### WORK REQUEST
Between the line containing "Im is linear, so" and the line containing "(\<forall>c :: complex" lies a run of lines; give that run again exactly, with both of those lines, and nothing else from the entries below.

Content starts

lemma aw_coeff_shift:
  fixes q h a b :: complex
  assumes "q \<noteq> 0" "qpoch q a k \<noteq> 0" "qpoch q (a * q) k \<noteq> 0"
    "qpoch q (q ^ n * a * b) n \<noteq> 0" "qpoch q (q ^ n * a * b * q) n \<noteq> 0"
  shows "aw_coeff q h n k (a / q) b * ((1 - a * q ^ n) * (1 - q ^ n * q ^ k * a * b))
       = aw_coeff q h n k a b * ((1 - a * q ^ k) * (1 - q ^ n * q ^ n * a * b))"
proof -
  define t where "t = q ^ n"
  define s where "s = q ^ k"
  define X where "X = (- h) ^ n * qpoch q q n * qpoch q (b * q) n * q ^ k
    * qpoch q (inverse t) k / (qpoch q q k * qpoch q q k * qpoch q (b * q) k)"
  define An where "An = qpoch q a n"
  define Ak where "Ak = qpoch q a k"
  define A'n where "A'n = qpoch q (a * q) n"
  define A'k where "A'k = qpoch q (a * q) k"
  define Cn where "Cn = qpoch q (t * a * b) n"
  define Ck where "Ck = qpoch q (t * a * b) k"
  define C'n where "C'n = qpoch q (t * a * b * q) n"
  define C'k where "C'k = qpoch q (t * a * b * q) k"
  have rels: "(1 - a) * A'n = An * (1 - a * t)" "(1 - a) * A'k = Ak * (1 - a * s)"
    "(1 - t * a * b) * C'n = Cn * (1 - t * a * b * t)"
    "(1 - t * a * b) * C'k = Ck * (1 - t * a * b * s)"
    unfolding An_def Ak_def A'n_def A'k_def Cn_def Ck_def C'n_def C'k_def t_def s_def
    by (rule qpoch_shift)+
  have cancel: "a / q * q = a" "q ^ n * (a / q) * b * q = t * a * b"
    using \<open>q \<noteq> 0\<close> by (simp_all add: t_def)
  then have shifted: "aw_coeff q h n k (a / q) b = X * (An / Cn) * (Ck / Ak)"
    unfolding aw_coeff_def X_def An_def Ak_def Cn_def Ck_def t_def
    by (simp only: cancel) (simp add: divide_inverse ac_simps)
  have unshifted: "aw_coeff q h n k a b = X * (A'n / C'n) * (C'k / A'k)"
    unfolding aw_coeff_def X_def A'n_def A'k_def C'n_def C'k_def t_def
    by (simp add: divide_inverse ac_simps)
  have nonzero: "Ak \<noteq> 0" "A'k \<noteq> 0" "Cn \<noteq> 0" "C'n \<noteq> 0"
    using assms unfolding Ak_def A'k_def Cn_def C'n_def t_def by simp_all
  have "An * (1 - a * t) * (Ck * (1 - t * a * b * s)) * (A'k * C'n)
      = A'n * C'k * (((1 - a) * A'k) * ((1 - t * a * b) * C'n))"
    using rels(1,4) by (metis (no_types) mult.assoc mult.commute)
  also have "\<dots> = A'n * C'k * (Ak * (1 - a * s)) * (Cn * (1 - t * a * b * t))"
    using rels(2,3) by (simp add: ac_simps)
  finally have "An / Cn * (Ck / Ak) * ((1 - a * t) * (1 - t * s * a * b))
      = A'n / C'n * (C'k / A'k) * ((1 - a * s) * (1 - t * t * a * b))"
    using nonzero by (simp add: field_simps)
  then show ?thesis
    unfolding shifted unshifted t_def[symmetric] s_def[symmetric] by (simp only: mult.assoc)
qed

Content ends
Content starts

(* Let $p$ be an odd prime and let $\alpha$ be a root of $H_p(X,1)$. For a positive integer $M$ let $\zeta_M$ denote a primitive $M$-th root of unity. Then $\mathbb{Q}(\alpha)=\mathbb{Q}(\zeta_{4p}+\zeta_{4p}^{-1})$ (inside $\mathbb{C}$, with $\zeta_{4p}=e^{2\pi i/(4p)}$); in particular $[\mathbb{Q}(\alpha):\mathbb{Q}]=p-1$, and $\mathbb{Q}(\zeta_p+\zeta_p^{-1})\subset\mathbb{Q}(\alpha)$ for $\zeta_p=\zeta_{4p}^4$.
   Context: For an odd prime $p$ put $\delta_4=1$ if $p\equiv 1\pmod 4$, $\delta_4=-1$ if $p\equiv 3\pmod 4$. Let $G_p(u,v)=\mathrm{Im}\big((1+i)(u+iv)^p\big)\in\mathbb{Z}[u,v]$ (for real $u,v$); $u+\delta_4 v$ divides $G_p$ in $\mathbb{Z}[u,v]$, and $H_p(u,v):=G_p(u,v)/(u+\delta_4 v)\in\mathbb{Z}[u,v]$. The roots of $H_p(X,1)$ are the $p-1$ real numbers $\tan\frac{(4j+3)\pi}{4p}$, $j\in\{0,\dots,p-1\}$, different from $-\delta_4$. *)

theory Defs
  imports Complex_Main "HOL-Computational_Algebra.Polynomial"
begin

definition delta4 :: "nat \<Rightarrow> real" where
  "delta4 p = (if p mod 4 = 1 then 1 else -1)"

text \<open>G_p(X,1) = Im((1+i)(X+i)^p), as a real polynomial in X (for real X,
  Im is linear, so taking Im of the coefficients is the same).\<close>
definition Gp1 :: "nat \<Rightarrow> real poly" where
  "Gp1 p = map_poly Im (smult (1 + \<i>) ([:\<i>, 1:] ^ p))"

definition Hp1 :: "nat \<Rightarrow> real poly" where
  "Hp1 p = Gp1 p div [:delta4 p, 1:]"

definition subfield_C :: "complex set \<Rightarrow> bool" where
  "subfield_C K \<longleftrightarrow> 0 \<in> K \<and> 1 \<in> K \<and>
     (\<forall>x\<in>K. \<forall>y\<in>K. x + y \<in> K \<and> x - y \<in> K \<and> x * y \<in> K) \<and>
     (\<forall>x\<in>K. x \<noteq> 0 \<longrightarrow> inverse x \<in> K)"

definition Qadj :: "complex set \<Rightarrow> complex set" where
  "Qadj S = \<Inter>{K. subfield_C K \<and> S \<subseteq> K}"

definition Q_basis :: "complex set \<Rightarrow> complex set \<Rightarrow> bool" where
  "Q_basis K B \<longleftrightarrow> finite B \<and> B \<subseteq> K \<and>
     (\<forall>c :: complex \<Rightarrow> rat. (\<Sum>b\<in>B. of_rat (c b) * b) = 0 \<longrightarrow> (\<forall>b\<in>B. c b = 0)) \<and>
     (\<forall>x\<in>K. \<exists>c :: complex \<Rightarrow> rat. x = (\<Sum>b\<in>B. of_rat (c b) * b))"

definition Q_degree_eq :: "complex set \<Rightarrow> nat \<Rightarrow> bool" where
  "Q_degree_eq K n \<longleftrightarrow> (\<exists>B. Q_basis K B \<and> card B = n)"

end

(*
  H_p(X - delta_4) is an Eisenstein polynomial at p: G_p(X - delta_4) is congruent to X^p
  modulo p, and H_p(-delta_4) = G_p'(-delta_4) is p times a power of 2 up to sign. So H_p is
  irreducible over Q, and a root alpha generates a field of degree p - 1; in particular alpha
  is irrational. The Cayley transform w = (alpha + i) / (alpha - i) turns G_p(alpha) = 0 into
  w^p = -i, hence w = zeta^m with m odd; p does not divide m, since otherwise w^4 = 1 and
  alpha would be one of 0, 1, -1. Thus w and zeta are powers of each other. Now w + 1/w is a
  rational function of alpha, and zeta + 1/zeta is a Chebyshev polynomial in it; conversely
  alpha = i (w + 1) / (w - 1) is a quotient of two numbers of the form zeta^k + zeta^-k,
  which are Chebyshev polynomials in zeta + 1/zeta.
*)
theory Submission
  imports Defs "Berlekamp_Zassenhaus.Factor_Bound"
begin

Content ends

### SOLUTION FOR THIS TASK
  Im is linear, so taking Im of the coefficients is the same).\<close>
definition Gp1 :: "nat \<Rightarrow> real poly" where
  "Gp1 p = map_poly Im (smult (1 + \<i>) ([:\<i>, 1:] ^ p))"

definition Hp1 :: "nat \<Rightarrow> real poly" where
  "Hp1 p = Gp1 p div [:delta4 p, 1:]"

definition subfield_C :: "complex set \<Rightarrow> bool" where
  "subfield_C K \<longleftrightarrow> 0 \<in> K \<and> 1 \<in> K \<and>
     (\<forall>x\<in>K. \<forall>y\<in>K. x + y \<in> K \<and> x - y \<in> K \<and> x * y \<in> K) \<and>
     (\<forall>x\<in>K. x \<noteq> 0 \<longrightarrow> inverse x \<in> K)"

definition Qadj :: "complex set \<Rightarrow> complex set" where
  "Qadj S = \<Inter>{K. subfield_C K \<and> S \<subseteq> K}"

definition Q_basis :: "complex set \<Rightarrow> complex set \<Rightarrow> bool" where
  "Q_basis K B \<longleftrightarrow> finite B \<and> B \<subseteq> K \<and>
     (\<forall>c :: complex \<Rightarrow> rat. (\<Sum>b\<in>B. of_rat (c b) * b) = 0 \<longrightarrow> (\<forall>b\<in>B. c b = 0)) \<and>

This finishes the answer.